Items from a data source
·····

lemma expectation_exp_le_bernstein:
  fixes q :: "'b pmf" and g :: "'b \<Rightarrow> real"
  assumes mean: "measure_pmf.expectation q g = 0"
    and bound: "\<And>y. \<bar>g y\<bar> \<le> M" and l: "0 \<le> l" "l * M < 3"
  shows "measure_pmf.expectation q (\<lambda>y. exp (l * g y))
       \<le> exp (l\<^sup>2 * measure_pmf.expectation q (\<lambda>y. (g y)\<^sup>2) / (2 * (1 - l * M / 3)))"
proof -
  define c where "c = l\<^sup>2 / (2 * (1 - l * M / 3))"
  have int_g: "integrable (measure_pmf q) g"
    by (rule integrable_measure_pmf_bounded[OF bound])
  have int_g2: "integrable (measure_pmf q) (\<lambda>y. (g y)\<^sup>2)"
  proof (rule integrable_measure_pmf_bounded)
    show "\<bar>(g y)\<^sup>2\<bar> \<le> M\<^sup>2" for y
      using power_mono[OF bound[of y], of 2] by simp
  qed
  have pointwise: "exp (l * g y) \<le> 1 + l * g y + c * (g y)\<^sup>2" for y
  proof -
    have "\<bar>l * g y\<bar> \<le> l * M" using bound[of y] l by (simp add: abs_mult mult_left_mono)
    from exp_le_bernstein_quadratic[OF this l(2)] show ?thesis
      by (simp add: c_def power_mult_distrib)
  qed
  have "measure_pmf.expectation q (\<lambda>y. exp (l * g y))
      \<le> measure_pmf.expectation q (\<lambda>y. 1 + l * g y + c * (g y)\<^sup>2)"
  proof (intro integral_mono pointwise)
    show "integrable (measure_pmf q) (\<lambda>y. exp (l * g y))"
    proof (rule integrable_measure_pmf_bounded)
      show "\<bar>exp (l * g y)\<bar> \<le> exp (l * M)" for y
        using bound[of y] l(1) by (simp add: mult_left_mono)
    qed
  qed (use int_g int_g2 in simp)
  also have "\<dots> = 1 + c * measure_pmf.expectation q (\<lambda>y. (g y)\<^sup>2)"
    using int_g int_g2 mean by simp
  also have "\<dots> \<le> exp (c * measure_pmf.expectation q (\<lambda>y. (g y)\<^sup>2))"
    by (rule exp_ge_add_one_self)
  finally show ?thesis by (simp add: c_def)
qed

·····

Task instructions — Please retype each entry above exactly as it is written.

Exercise response —
lemma expectation_exp_le_bernstein:
  fixes q :: "'b pmf" and g :: "'b \<Rightarrow> real"
  assumes mean: "measure_pmf.expectation q g = 0"
    and bound: "\<And>y. \<bar>g y\<bar> \<le> M" and l: "0 \<le> l" "l * M < 3"
  shows "measure_pmf.expectation q (\<lambda>y. exp (l * g y))
       \<le> exp (l\<^sup>2 * measure_pmf.expectation q (\<lambda>y. (g y)\<^sup>2) / (2 * (1 - l * M / 3)))"
proof -
  define c where "c = l\<^sup>2 / (2 * (1 - l * M / 3))"
  have int_g: "integrable (measure_pmf q) g"
    by (rule integrable_measure_pmf_bounded[OF bound])
  have int_g2: "integrable (measure_pmf q) (\<lambda>y. (g y)\<^sup>2)"
  proof (rule integrable_measure_pmf_bounded)
    show "\<bar>(g y)\<^sup>2\<bar> \<le> M\<^sup>2" for y
      using power_mono[OF bound[of y], of 2] by simp
  qed
  have pointwise: "exp (l * g y) \<le> 1 + l * g y + c * (g y)\<^sup>2" for y
  proof -
    have "\<bar>l * g y\<bar> \<le> l * M" using bound[of y] l by (simp add: abs_mult mult_left_mono)
    from exp_le_bernstein_quadratic[OF this l(2)] show ?thesis
      by (simp add: c_def power_mult_distrib)
  qed
  have "measure_pmf.expectation q (\<lambda>y. exp (l * g y))
      \<le> measure_pmf.expectation q (\<lambda>y. 1 + l * g y + c * (g y)\<^sup>2)"
  proof (intro integral_mono pointwise)
    show "integrable (measure_pmf q) (\<lambda>y. exp (l * g y))"
    proof (rule integrable_measure_pmf_bounded)
      show "\<bar>exp (l * g y)\<bar> \<le> exp (l * M)" for y
        using bound[of y] l(1) by (simp add: mult_left_mono)
    qed
  qed (use int_g int_g2 in simp)
  also have "\<dots> = 1 + c * measure_pmf.expectation q (\<lambda>y. (g y)\<^sup>2)"
    using int_g int_g2 mean by simp
  also have "\<dots> \<le> exp (c * measure_pmf.expectation q (\<lambda>y. (g y)\<^sup>2))"
    by (rule exp_ge_add_one_self)
  finally show ?thesis by (simp add: c_def)
qed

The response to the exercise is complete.